This presentation is a direct rebuttal to how a lot of Americans first meet sake: warmed, or in vodka shot glasses, glued to sushi-night, or worse, treated as a novelty payload for beer bombs. Brooklyn Kura built an atmosphere that nudges its guests toward a different posture, a slower one: smell this, taste this, talk about it the way you would talk about wine or craft beer. Even in Japanese-language reportage, the recurring detail is the same: groups in conversation, sake in wine glasses, light pouring in, tanks in view.

 

A collision of spreadsheets and spores

Sometime in 2013, two like-minded Americans met at a wedding in Japan. They found a shared interest in Japanese sake and decided to travel together, drink unusually good sake for the first time, and the joke of starting a sake brewery in New York slowly became a reality.

 

The founders, Brian Polen and Brandon Doughan (Source: Umami Mart)

 

As the brewery became real, a natural division of labour came about. Brandon Doughan is the man behind the science – he had worked as a biochemist or research scientist, working on heart disease and cancer drug development, and was long comfortable with home fermentation as a hobby and the essential mould-driven starch conversion process. Brian Polen on the other hand, was of the corporate finance world with experiences at American Express – he is the one with the operational logic required to make this kind of project exist in one of the most expensive cities in the world.
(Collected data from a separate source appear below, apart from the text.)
lemma join_trisection_mult:
  fixes a b c d e f :: "'a::idom fps"
  shows "join_trisection a b c * join_trisection d e f
    = join_trisection (a * d + fps_X * (b * f + c * e)) (a * e + b * d + fps_X * (c * f))
        (a * f + b * e + c * d)"
proof -
  have "(A + x * B + x ^ 2 * C) * (D + x * E + x ^ 2 * F)
    = (A * D + x ^ 3 * (B * F + C * E)) + x * (A * E + B * D + x ^ 3 * (C * F))
      + x ^ 2 * (A * F + B * E + C * D)"
    for A B C D E F x :: "'a fps"
    by (simp add: algebra_simps power3_eq_cube power2_eq_square)
  then show ?thesis
    by (simp add: join_trisection_def fps_compose_add_distrib fps_compose_mult_distrib)
qed

lemma trisect_0_mult_compose:
  "trisect 0 ((g oo fps_X ^ 3) * h) = g * trisect 0 (h :: 'a::idom fps)"
proof -
  obtain a b c where h: "h = join_trisection a b c"
    by (metis join_trisection_trisect)
  have "(g oo fps_X ^ 3) * h = join_trisection (g * a) (g * b) (g * c)"
    by (simp add: h join_trisection_def fps_compose_mult_distrib algebra_simps)
  then show ?thesis
    by (simp add: h trisect_join_trisection)
qed

lemma compose_X_power_3_compose:
  fixes a c :: "'a::idom fps"
  shows "(a oo fps_X ^ 3) oo (fps_X * (c oo fps_X ^ 3)) = (a oo (fps_X * c ^ 3)) oo fps_X ^ 3"
proof -
  have "(a oo fps_X ^ 3) oo (fps_X * (c oo fps_X ^ 3))
      = a oo (fps_X ^ 3 oo (fps_X * (c oo fps_X ^ 3)))"
    by (rule fps_compose_assoc[symmetric]) simp_all
  also have "fps_X ^ 3 oo (fps_X * (c oo fps_X ^ 3)) = (fps_X * c ^ 3) oo fps_X ^ 3"
    by (simp add: fps_X_power_compose fps_compose_mult_distrib fps_compose_power power_mult_distrib)
  also have "a oo \<dots> = (a oo (fps_X * c ^ 3)) oo fps_X ^ 3"
    by (rule fps_compose_assoc) simp_all
  finally show ?thesis .
qed

lemma trisect_0_compose:
  "trisect 0 (f oo (fps_X * (c oo fps_X ^ 3))) = trisect 0 f oo (fps_X * c ^ 3 :: 'a::idom fps)"
proof -
  obtain a b d where f: "f = join_trisection a b d"
    by (metis join_trisection_trisect)
  let ?T = "fps_X * (c oo fps_X ^ 3)" and ?w = "fps_X * c ^ 3"
  have "f oo ?T = join_trisection (a oo ?w) (c * (b oo ?w)) (c ^ 2 * (d oo ?w))"
    by (simp add: f join_trisection_def fps_compose_add_distrib fps_compose_mult_distrib
        fps_compose_power fps_X_power_compose compose_X_power_3_compose algebra_simps
        power_mult_distrib)
  then show ?thesis
    by (simp add: f trisect_join_trisection)
qed

text \<open>
  For f = a(q^3) + q b(q^3) + q^2 c(q^3) this is the norm of a + b t + c t^2 from the cubic
  extension t^3 = q, which explains its multiplicativity.
\<close>

definition trinorm :: "'a::comm_ring_1 fps \<Rightarrow> 'a fps" where
  "trinorm f = trisect 0 f ^ 3 + fps_X * trisect 1 f ^ 3 + fps_X ^ 2 * trisect 2 f ^ 3
     - 3 * fps_X * trisect 0 f * trisect 1 f * trisect 2 f"

lemma trinorm_join_trisection:
  "trinorm (join_trisection a b c)
    = a ^ 3 + fps_X * b ^ 3 + fps_X ^ 2 * c ^ 3 - 3 * fps_X * a * b * c"
  by (simp only: trinorm_def trisect_join_trisection)

lemma cubic_norm_mult:
  fixes a b c d e f x :: "'a::comm_ring_1"
  shows "(a ^ 3 + x * b ^ 3 + x ^ 2 * c ^ 3 - 3 * x * a * b * c)
      * (d ^ 3 + x * e ^ 3 + x ^ 2 * f ^ 3 - 3 * x * d * e * f)
    = (a * d + x * (b * f + c * e)) ^ 3 + x * (a * e + b * d + x * (c * f)) ^ 3
      + x ^ 2 * (a * f + b * e + c * d) ^ 3
      - 3 * x * (a * d + x * (b * f + c * e)) * (a * e + b * d + x * (c * f))
          * (a * f + b * e + c * d)"
  by (simp add: algebra_simps power3_eq_cube power2_eq_square)

lemma trinorm_mult: "trinorm (f * g) = trinorm f * trinorm (g :: 'a::idom fps)"
proof -
  obtain a b c d e h where "f = join_trisection a b c" and "g = join_trisection d e h"
    by (metis join_trisection_trisect)
  then show ?thesis
    by (simp only: join_trisection_mult trinorm_join_trisection cubic_norm_mult)
qed

lemma trinorm_1 [simp]: "trinorm 1 = (1 :: 'a::idom fps)"
proof -
  have "trinorm (1 :: 'a fps) = trinorm (join_trisection 1 0 0)"
    by (simp add: join_trisection_def)
  then show ?thesis
    by (simp add: trinorm_join_trisection)
qed

lemma trinorm_power: "trinorm (f ^ k) = trinorm (f :: 'a::idom fps) ^ k"
  by (induction k) (simp_all add: trinorm_mult)

lemma agree_below_trisect:
  "r < 3 \<Longrightarrow> agree_below (3 * n) f g \<Longrightarrow> agree_below n (trisect r f) (trisect r g)"
  unfolding agree_below_def trisect_def by auto

lemma agree_below_trinorm:
  "agree_below (3 * n) f g \<Longrightarrow> agree_below n (trinorm f) (trinorm (g :: 'a::comm_ring_1 fps))"
  unfolding trinorm_def
  by (intro agree_below_add agree_below_diff agree_below_mult agree_below_power agree_below_trisect
      agree_below_refl) simp_all

lemma trinorm_one_minus_X_power:
  "trinorm (1 - fps_X ^ j :: 'a::idom fps)
    = (if 3 dvd j then (1 - fps_X ^ (j div 3)) ^ 3 else 1 - fps_X ^ j)"
proof -
  define m where "m = j div 3"
  have j: "j = 3 * m + j mod 3" by (simp add: m_def)
  consider "j mod 3 = 0" | "j mod 3 = 1" | "j mod 3 = 2" by linarith
  then show ?thesis
  proof cases
    case 1
    then have "1 - fps_X ^ j = join_trisection (1 - fps_X ^ m) 0 (0 :: 'a fps)"
      using j by (simp add: join_trisection_def fps_compose_sub_distrib fps_X_power_compose_X_power)
    then show ?thesis
      using 1 by (simp add: trinorm_join_trisection m_def mod_0_imp_dvd)
  next
    case 2
    then have "1 - fps_X ^ j = join_trisection 1 (- (fps_X ^ m)) (0 :: 'a fps)"
      using j by (simp add: join_trisection_def fps_compose_uminus fps_X_power_compose_X_power
          power_add)
    moreover have "fps_X * (- (fps_X ^ m)) ^ 3 = - (fps_X ^ j :: 'a fps)"
      using j 2 by (simp add: power_add power_mult[symmetric] mult.commute)
    ultimately show ?thesis
      using 2 by (simp add: trinorm_join_trisection dvd_eq_mod_eq_0)
  next
    case 3
    then have "1 - fps_X ^ j = join_trisection 1 0 (- (fps_X ^ m) :: 'a fps)"
      using j by (simp add: join_trisection_def fps_compose_uminus fps_X_power_compose_X_power
          power_add power2_eq_square)
    moreover have "fps_X ^ 2 * (- (fps_X ^ m)) ^ 3 = - (fps_X ^ j :: 'a fps)"
      using j 3 by (simp add: power_add power_mult[symmetric] mult.commute power2_eq_square)
    ultimately show ?thesis
      using 3 by (simp add: trinorm_join_trisection dvd_eq_mod_eq_0)
  qed
qed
Sake brewing is capital-intensive in a way that might surprise many a beer brewer. You need space, refrigeration, temperature control, specialised equipment, and a cleanliness regime that punishes improvisation. In one interview, Brian was explicit about the challenge: a business case for Brooklyn Kura didn’t make sense unless they built enough capacity to justify the investment, which is a very un-sexy thing to say and a very adult thing to build around.

Brian and Brandon would not leave their jobs until late 2016, before they secured a small development space at an “old Pfizer facility” in Bushwick, where they focused on scaling recipes and figuring out regulatory and supply chain realities while construction of their actual brewery took place in a redeveloped warehouse complex in Brooklyn. In early 2018, they began selling their first bottles and also opened a taproom (with its iconic blue doors that became both a literal entrance and a shorthand for the project’s identity) – wherein guests could see, hear and smell the brewing process.
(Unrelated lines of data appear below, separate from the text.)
(* There exist constants $\delta_1>0$ and $D_3<\infty$ such that for all $u\in\mathbb U$ and all $t\ge0$, $$\|x(t,u)-\pi\|_2\le D_3e^{-\delta_1t}\|u-\pi\|_2 .$$
   Context: Fix integers $C\ge1$, $d\ge1$ and a real $\sigma>0$. Let $\mathbb U=\{u\in\mathbb R^{C+1}:1=u_0\ge u_1\ge\cdots\ge u_C\ge0\}$ with Euclidean norm $\|\cdot\|_2$. For $u\in\mathbb U$, $x(t,u)$ is the unique solution of $x(0,u)=u$, $\frac d{dt}x_0=0$, $\frac{d}{dt}x_n=\sigma(x_{n-1}^d-x_n^d)-n(x_n-x_{n+1})$ for $1\le n\le C$, with $x_{C+1}\equiv0$. $\pi\in\mathbb U$ is the unique fixed point of this ODE in $\mathbb U$: $\pi_0=1$ and $\sigma(\pi_{n-1}^d-\pi_n^d)=n(\pi_n-\pi_{n+1})$ for $1\le n\le C$, with $\pi_{C+1}=0$. *)

theory Defs
  imports "HOL-Analysis.Analysis"
begin

text \<open>Vectors in R^(C+1) are represented as functions nat => real; only indices 0..C matter.\<close>

definition inU :: "nat \<Rightarrow> (nat \<Rightarrow> real) \<Rightarrow> bool" where
  "inU C u \<longleftrightarrow> u 0 = 1 \<and> (\<forall>n<C. u (Suc n) \<le> u n) \<and> u C \<ge> 0"

definition comp :: "nat \<Rightarrow> (nat \<Rightarrow> real) \<Rightarrow> nat \<Rightarrow> real" where
  "comp C y n = (if n \<le> C then y n else 0)"

definition drift :: "nat \<Rightarrow> nat \<Rightarrow> real \<Rightarrow> (nat \<Rightarrow> real) \<Rightarrow> nat \<Rightarrow> real" where
  "drift C d \<sigma> y n =
     (if n = 0 then 0
      else \<sigma> * (comp C y (n - 1) ^ d - comp C y n ^ d)
           - real n * (comp C y n - comp C y (n + 1)))"

definition is_solution :: "nat \<Rightarrow> nat \<Rightarrow> real \<Rightarrow> (nat \<Rightarrow> real) \<Rightarrow> (real \<Rightarrow> nat \<Rightarrow> real) \<Rightarrow> bool" where
  "is_solution C d \<sigma> u X \<longleftrightarrow>
     (\<forall>n\<le>C. X 0 n = u n) \<and>
     (\<forall>n\<le>C. \<forall>t\<ge>0. ((\<lambda>s. X s n) has_real_derivative drift C d \<sigma> (X t) n) (at t within {0..}))"

definition is_fixed_point :: "nat \<Rightarrow> nat \<Rightarrow> real \<Rightarrow> (nat \<Rightarrow> real) \<Rightarrow> bool" where
  "is_fixed_point C d \<sigma> p \<longleftrightarrow> inU C p \<and>
     (\<forall>n. 1 \<le> n \<and> n \<le> C \<longrightarrow>
        \<sigma> * (comp C p (n - 1) ^ d - comp C p n ^ d) = real n * (comp C p n - comp C p (n + 1)))"

definition dist2 :: "nat \<Rightarrow> (nat \<Rightarrow> real) \<Rightarrow> (nat \<Rightarrow> real) \<Rightarrow> real" where
  "dist2 C a b = sqrt (\<Sum>n\<le>C. (a n - b n)^2)"

end

theory Submission
  imports Defs
begin

text \<open>
  The zeroth coordinate is constant, and a Gronwall estimate for the squared negative parts shows
  that the solution stays nonnegative. Put \<open>v\<^sub>n = x\<^sub>n - \<pi>\<^sub>n\<close>. Subtracting the fixed point
  equations, the drift of \<open>v\<^sub>n\<close> is \<open>\<sigma>(a\<^sub>n\<^sub>-\<^sub>1 v\<^sub>n\<^sub>-\<^sub>1 - a\<^sub>n v\<^sub>n) - n(v\<^sub>n - v\<^sub>n\<^sub>+\<^sub>1)\<close> with
  \<open>a\<^sub>n \<ge> 0\<close> the difference quotient of \<open>y \<mapsto> y\<^sup>d\<close> between \<open>\<pi>\<^sub>n\<close> and \<open>x\<^sub>n\<close>. Multiplying by
  \<open>sign v\<^sub>n\<close> and summing over \<open>1 \<le> n \<le> C\<close>, the \<open>\<sigma>\<close>-terms telescope to something nonpositive
  and the \<open>n\<close>-terms telescope to \<open>-\<Sum>|v\<^sub>n|\<close>, so the \<open>\<ell>\<^sup>1\<close> distance to \<open>\<pi>\<close> decays like
  \<open>e\<^sup>-\<^sup>t\<close>. Since \<open>|v\<^sub>n|\<close> is not differentiable, the argument is run for \<open>\<surd>(v\<^sub>n\<^sup>2 + \<epsilon>\<^sup>2)\<close> and
  \<open>\<epsilon> \<rightarrow> 0\<close>. Comparing \<open>\<ell>\<^sup>1\<close> and \<open>\<ell>\<^sup>2\<close> norms gives \<open>\<delta>\<^sub>1 = 1\<close> and \<open>D\<^sub>3 = \<surd>(C+1)\<close>.
\<close>

lemma deriv_nonpos_imp_le_at_0:
  fixes F F' :: "real \<Rightarrow> real"
  assumes der: "\<And>s. s \<ge> 0 \<Longrightarrow> (F has_real_derivative F' s) (at s within {0..})"
    and nonpos: "\<And>s. 0 \<le> s \<Longrightarrow> s \<le> T \<Longrightarrow> F' s \<le> 0" and T: "T \<ge> 0"
  shows "F T \<le> F 0"
proof (rule DERIV_nonpos_imp_decreasing_open[OF T])
  fix x assume x: "0 < x" "x < T"
  then have "at x within {0..} = at x" by (intro at_within_interior) simp
  then show "\<exists>y. DERIV F x :> y \<and> y \<le> 0" using der[of x] nonpos[of x] x by auto
next
  have "continuous_on {0..} F"
    unfolding continuous_on_eq_continuous_within using der DERIV_continuous by blast
  then show "continuous_on {0..T} F" by (rule continuous_on_subset) auto
qed

lemma gronwall_from_0:
  fixes F F' :: "real \<Rightarrow> real"
  assumes der: "\<And>s. s \<ge> 0 \<Longrightarrow> (F has_real_derivative F' s) (at s within {0..})"
    and bound: "\<And>s. 0 \<le> s \<Longrightarrow> s \<le> T \<Longrightarrow> F' s \<le> L * (F s - K)" and T: "T \<ge> 0"
  shows "F T - K \<le> exp (L * T) * (F 0 - K)"
proof -
  define G where "G s = exp (- L * s) * (F s - K)" for s
  have "G T \<le> G 0"
  proof (rule deriv_nonpos_imp_le_at_0[OF _ _ T])
    show "(G has_real_derivative exp (- L * s) * (F' s - L * (F s - K))) (at s within {0..})"
      if "s \<ge> 0" for s
      unfolding G_def using der[OF that] by (auto intro!: derivative_eq_intros simp: algebra_simps)
    show "exp (- L * s) * (F' s - L * (F s - K)) \<le> 0" if "0 \<le> s" "s \<le> T" for s
      using bound[OF that] by (simp add: mult_nonneg_nonpos)
  qed
  then show ?thesis by (simp add: G_def exp_minus field_simps)
qed

lemma DERIV_min_0_squared: "((\<lambda>y::real. (min y 0)\<^sup>2) has_real_derivative 2 * min x 0) (at x)"
proof -
  consider "x < 0" | "x > 0" | "x = 0" by linarith
  then show ?thesis
  proof cases
    case 1
    have "((\<lambda>y::real. y\<^sup>2) has_real_derivative 2 * min x 0) (at x)"
      using 1 by (auto intro!: derivative_eq_intros)
    then show ?thesis
      by (rule has_field_derivative_transform_within_open[where S="{..<0}"]) (use 1 in auto)
  next
    case 2
    have "((\<lambda>y::real. 0) has_real_derivative 2 * min x 0) (at x)"
      using 2 by (auto intro!: derivative_eq_intros)
    then show ?thesis
      by (rule has_field_derivative_transform_within_open[where S="{0<..}"]) (use 2 in auto)
  next
    case 3
    have "((\<lambda>y::real. (min y 0)\<^sup>2 / y) \<longlongrightarrow> 0) (at 0)"
    proof (rule Lim_null_comparison[where g="\<lambda>y. \<bar>y\<bar>"])
      have "norm ((min y 0)\<^sup>2 / y) \<le> \<bar>y\<bar>" for y :: real
        by (cases "y = 0") (simp_all add: abs_divide divide_le_eq power2_eq_square min_def)
      then show "\<forall>\<^sub>F y in at 0. norm ((min y 0)\<^sup>2 / y) \<le> \<bar>y::real\<bar>" by simp
      show "((\<lambda>y::real. \<bar>y\<bar>) \<longlongrightarrow> 0) (at 0)"
        using tendsto_rabs[OF tendsto_ident_at, of "0::real" UNIV] by simp
    qed
    then show ?thesis using 3 by (simp add: has_field_derivative_iff)
  qed
qed

lemma DERIV_sqrt_square_add_square:
  fixes \<epsilon> :: real assumes "\<epsilon> > 0"
  shows "((\<lambda>y. sqrt (y\<^sup>2 + \<epsilon>\<^sup>2)) has_real_derivative y / sqrt (y\<^sup>2 + \<epsilon>\<^sup>2)) (at y)"
proof -
  have "y\<^sup>2 + \<epsilon>\<^sup>2 > 0" using assms by (simp add: add_nonneg_pos)
  then show ?thesis by (auto intro!: derivative_eq_intros simp: field_simps)
qed

lemma abs_le_sqrt_square_add_square: "\<bar>x\<bar> \<le> sqrt (x\<^sup>2 + \<epsilon>\<^sup>2)"
  by (metis real_sqrt_abs real_sqrt_le_mono le_add_same_cancel1 zero_le_power2)

lemma sqrt_square_add_square_le:
  fixes \<epsilon> :: real assumes "\<epsilon> \<ge> 0"
  shows "sqrt (x\<^sup>2 + \<epsilon>\<^sup>2) \<le> \<bar>x\<bar> + \<epsilon>"
proof -
  have "x\<^sup>2 + \<epsilon>\<^sup>2 \<le> (\<bar>x\<bar> + \<epsilon>)\<^sup>2" using assms by (simp add: power2_eq_square algebra_simps)
  then show ?thesis using assms real_sqrt_le_mono by fastforce
qed

lemma abs_power_le_mult:
  fixes a B :: real
  assumes "\<bar>a\<bar> \<le> B" "d \<ge> 1"
  shows "\<bar>a ^ d\<bar> \<le> B ^ (d - 1) * \<bar>a\<bar>"
proof -
  have "a ^ d = a * a ^ (d - 1)" using assms(2) by (cases d) auto
  moreover have "\<bar>a\<bar> ^ (d - 1) \<le> B ^ (d - 1)" by (rule power_mono) (use assms in auto)
  ultimately show ?thesis by (simp add: abs_mult power_abs mult.commute mult_left_mono)
qed

lemma abs_mult_le_of_squares_le:
  fixes x y P :: real
  assumes "x\<^sup>2 \<le> P" "y\<^sup>2 \<le> P"
  shows "\<bar>x\<bar> * \<bar>y\<bar> \<le> P"
proof -
  have "0 \<le> (\<bar>x\<bar> - \<bar>y\<bar>)\<^sup>2" by simp
  also have "\<dots> = x\<^sup>2 + y\<^sup>2 - 2 * (\<bar>x\<bar> * \<bar>y\<bar>)" by (simp add: power2_eq_square algebra_simps)
  finally show ?thesis using assms by linarith
qed

lemma min_0_mult_power_le:
  fixes a b B :: real
  assumes "\<bar>a\<bar> \<le> B" "d \<ge> 1"
  shows "min b 0 * a ^ d \<le> B ^ (d - 1) * (\<bar>min b 0\<bar> * \<bar>min a 0\<bar>)"
proof (cases "a \<ge> 0")
  case True
  then have "min b 0 * a ^ d \<le> 0" by (simp add: mult_nonpos_nonneg)
  also have "0 \<le> B ^ (d - 1) * (\<bar>min b 0\<bar> * \<bar>min a 0\<bar>)"
    using assms(1) by (intro mult_nonneg_nonneg) auto
  finally show ?thesis .
next
  case False
  have "min b 0 * a ^ d \<le> \<bar>min b 0\<bar> * \<bar>a ^ d\<bar>" by (metis abs_ge_self abs_mult)
  also have "\<dots> \<le> \<bar>min b 0\<bar> * (B ^ (d - 1) * \<bar>a\<bar>)"
    by (rule mult_left_mono[OF abs_power_le_mult[OF assms]]) simp
  finally show ?thesis using False by (simp add: mult_ac)
qed

lemma neg_min_0_mult_power_le:
  fixes b B :: real
  assumes "\<bar>b\<bar> \<le> B" "d \<ge> 1"
  shows "- (min b 0 * b ^ d) \<le> B ^ (d - 1) * (min b 0)\<^sup>2"
proof (cases "b \<ge> 0")
  case True
  then show ?thesis using assms(1) by simp
next
  case False
  then have "- (min b 0 * b ^ d) \<le> \<bar>b\<bar> * \<bar>b ^ d\<bar>" by (simp add: min_def abs_mult[symmetric])
  also have "\<dots> \<le> \<bar>b\<bar> * (B ^ (d - 1) * \<bar>b\<bar>)"
    by (rule mult_left_mono[OF abs_power_le_mult[OF assms]]) simp
  finally show ?thesis using False by (simp add: min_def power2_eq_square algebra_simps)
qed

text \<open>
  The contribution of one coordinate to the derivative of \<open>\<Sum>n. (min x\<^sub>n 0)\<^sup>2\<close>: here \<open>a, b, c\<close>
  stand for \<open>x\<^sub>n\<^sub>-\<^sub>1, x\<^sub>n, x\<^sub>n\<^sub>+\<^sub>1\<close> and \<open>P\<close> for the sum of squared negative parts.
\<close>
lemma min_0_mult_drift_le:
  fixes a b c B \<sigma> m P :: real
  assumes ab: "\<bar>a\<bar> \<le> B" and bb: "\<bar>b\<bar> \<le> B" and d: "d \<ge> 1" and \<sigma>: "\<sigma> > 0" and m: "m \<ge> 0"
    and Pa: "(min a 0)\<^sup>2 \<le> P" and Pb: "(min b 0)\<^sup>2 \<le> P" and Pc: "(min c 0)\<^sup>2 \<le> P"
  shows "2 * min b 0 * (\<sigma> * (a ^ d - b ^ d) - m * (b - c)) \<le> 2 * (2 * \<sigma> * B ^ (d - 1) + m) * P"
proof -
  have Bd: "B ^ (d - 1) \<ge> 0" using ab by simp
  have i1: "min b 0 * a ^ d \<le> B ^ (d - 1) * P"
  proof -
    have "min b 0 * a ^ d \<le> B ^ (d - 1) * (\<bar>min b 0\<bar> * \<bar>min a 0\<bar>)"
      by (rule min_0_mult_power_le[OF ab d])
    also have "\<dots> \<le> B ^ (d - 1) * P"
      by (rule mult_left_mono[OF abs_mult_le_of_squares_le[OF Pb Pa] Bd])
    finally show ?thesis .
  qed
  have i2: "- (min b 0 * b ^ d) \<le> B ^ (d - 1) * P"
    using neg_min_0_mult_power_le[OF bb d] mult_left_mono[OF Pb Bd] by linarith
  have i3: "- (min b 0 * b) \<le> 0" by (simp add: min_def mult_le_0_iff)
  have i4: "min b 0 * c \<le> P"
  proof -
    have "min b 0 * c \<le> \<bar>min b 0\<bar> * \<bar>min c 0\<bar>"
      by (cases "c \<ge> 0") (auto simp: min_def mult_le_0_iff abs_mult[symmetric])
    then show ?thesis using abs_mult_le_of_squares_le[OF Pb Pc] by linarith
  qed
  have "2 * min b 0 * (\<sigma> * (a ^ d - b ^ d) - m * (b - c))
      = 2 * \<sigma> * (min b 0 * a ^ d) + 2 * \<sigma> * (- (min b 0 * b ^ d))
        + 2 * m * (- (min b 0 * b)) + 2 * m * (min b 0 * c)"
    by (simp add: algebra_simps)
  also have "\<dots> \<le> 2 * \<sigma> * (B ^ (d - 1) * P) + 2 * \<sigma> * (B ^ (d - 1) * P) + 2 * m * 0 + 2 * m * P"
    using i1 i2 i3 i4 \<sigma> m by (intro add_mono mult_left_mono) auto
  also have "\<dots> = 2 * (2 * \<sigma> * B ^ (d - 1) + m) * P" by (simp add: algebra_simps)
  finally show ?thesis .
qed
But to understand the scale of the ambition to run New York’s first sake brewery, you’d have to consider the practical realities that come with the capital intensiveness of sake brewing. In one interview, Brandon points out the obvious-but-not-so-obvious problem: there wasn’t a local ecosystem of sake equipment and inherited practice. The team had to start from zero, drawing up plans for machines and tools.

 

 

Another key “ingredient” that the team had to build from scratch is microbial. In parts of Japan where sake has been brewed for hundreds of years, the buildings themselves carry a kind of microbial history. Over generations, Japanese breweries develop a shared seasonal intuition about the invisible life in their breweries – they know when certain wild yeasts might appear, or how to deal with a particular unwanted bacteria.

 

 

A new sake brewery in New York City does not have that. There is no legacy ecosystem of sake production. Instead, there is whatever unknown microbes happen to live in an old warehouse in Brooklyn. Brandon and his team has to engineer a controlled environment from scratch to deal with microbes that can ruin a highly vulnerable batch of sake very quickly (unlike beer which is boiled and hopped, sake mash has very little anti-microbial protection early in the process).

For these reasons, Brooklyn Kura’s koji room is lined with washable, food-safe polycloth rather than cedar or stainless steel; a sanitation-forward design choice. It also has a cleanliness regime that punishes improvisation. This reveals the logic of a New York City urban sakagura: you optimise for cleanability and repeatability, while slowly learning year over year how to improve quality within these parameters.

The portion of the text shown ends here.